When the young woman confided my mother’s sexual prudery, I had no trouble believing her. Sex had always made my mother uncomfortable, or at least talking about it.
I can remember her halting attempts to introduce me to the mysteries of the flesh.
Mostly they were just embarrassing to both of us. Always an intuitive child, I would sense her discomfort and steer onto safer waters.
Those were simpler times. Sex had not yet become the lingua franca of advertising or series television. Today a 15-year-old would never be shocked by this line from Oklahoma: “It’s a scandal. It’s an outrage, how a girl gets a husband these days. If you make one mistake when the moon is bright, then they tie you to a contract so you make it every night.”
I was mortified. Every night? Oh, surely not. Timed for procreation, yes, but purely for pleasure?
The line hit me like a sledge hammer. I was playing in the pit orchestra for a community production of the musical.
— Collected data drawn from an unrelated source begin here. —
text \<open>Monotone convergence along the intervals \<open>[1/(k+1), 1]\<close>.\<close>

lemma set_integrable_Ioc01_if_integrals_bounded:
  fixes h :: "real \<Rightarrow> real"
  assumes cont: "continuous_on {0<..1} h" and nn: "\<And>t. t \<in> {0<..1} \<Longrightarrow> 0 \<le> h t"
    and bnd: "\<And>e. 0 < e \<Longrightarrow> e \<le> 1 \<Longrightarrow> integral {e..1} h \<le> B"
  shows "set_integrable lborel {0<..1::real} h"
proof -
  define F where "F k x = (if x \<in> {1/Suc k..1} then h x else 0)" for k :: nat and x :: real
  have sub: "{1/Suc k..1} \<subseteq> {0<..1::real}" for k
  proof
    fix x assume x: "x \<in> {1/Suc k..1::real}"
    have "0 < 1 / real (Suc k)" by simp
    also have "\<dots> \<le> x" using x by simp
    finally show "x \<in> {0<..1}" using x by simp
  qed
  have int: "h integrable_on {1/Suc k..1}" for k
    by (rule integrable_continuous_interval, rule continuous_on_subset[OF cont sub])
  have Fint: "F k integrable_on {0<..1}" and Fval: "integral {0<..1} (F k) = integral {1/Suc k..1} h" for k
    unfolding F_def integrable_restrict_Int integral_restrict_Int using int[of k] sub[of k]
    by (simp_all add: Int_absorb2)
  have mono: "F k x \<le> F (Suc k) x" if "x \<in> {0<..1}" for k x
  proof -
    have "1 / real (Suc (Suc k)) \<le> 1 / real (Suc k)" by (simp add: frac_le)
    then show ?thesis using that nn[of x] unfolding F_def by auto
  qed
  have lim: "((\<lambda>k. F k x) \<longlongrightarrow> h x) sequentially" if x: "x \<in> {0<..1}" for x
  proof (rule tendsto_eventually)
    obtain N :: nat where N: "1 / x < N" using reals_Archimedean2 by blast
    have "F k x = h x" if "k \<ge> N" for k
    proof -
      have "1 / x < Suc k" using N that by linarith
      then have "1 / real (Suc k) \<le> x" using x by (simp add: field_simps)
      then show ?thesis using x unfolding F_def by auto
    qed
    then show "\<forall>\<^sub>F k in sequentially. F k x = h x"
      unfolding eventually_sequentially by blast
  qed
  have "\<bar>integral {0<..1} (F k)\<bar> \<le> \<bar>B\<bar>" for k
  proof -
    have "0 \<le> integral {1/Suc k..1} h"
      using nn sub[of k] by (intro integral_nonneg int) auto
    moreover have "integral {1/Suc k..1} h \<le> B"
      by (rule bnd) (auto simp: field_simps)
    ultimately show ?thesis using Fval[of k] by linarith
  qed
  then have "bounded (range (\<lambda>k. integral {0<..1} (F k)))"
    unfolding bounded_iff by (auto simp: real_norm_def)
  then have "h integrable_on {0<..1}"
    using monotone_convergence_increasing[OF Fint mono lim] by blast
  then show ?thesis
    by (rule set_integrable_if_nonneg_integrable_on) (use nn cont in auto)
qed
When the actors began practicing with us, I nearly dropped my violin the first time I heard the words.
As soon as I got home, I wailed, “Mother?!?”
She tried the usual pablum about love between two people, how caring for each other made sex pleasurable, but her embarrassment told another story.
So years later, when the young woman told me Mother was a prude and was keeping her from her beloved Larry, I had no trouble believing her.Mother was working at Vine Village, a farm for adults whose families wanted their special-needs offspring to have as a high a quality of life as possible. Mother taught budgeting, cooking, cleaning, and social skills. She gave residents the kind of love that encouraged them to stretch their limits.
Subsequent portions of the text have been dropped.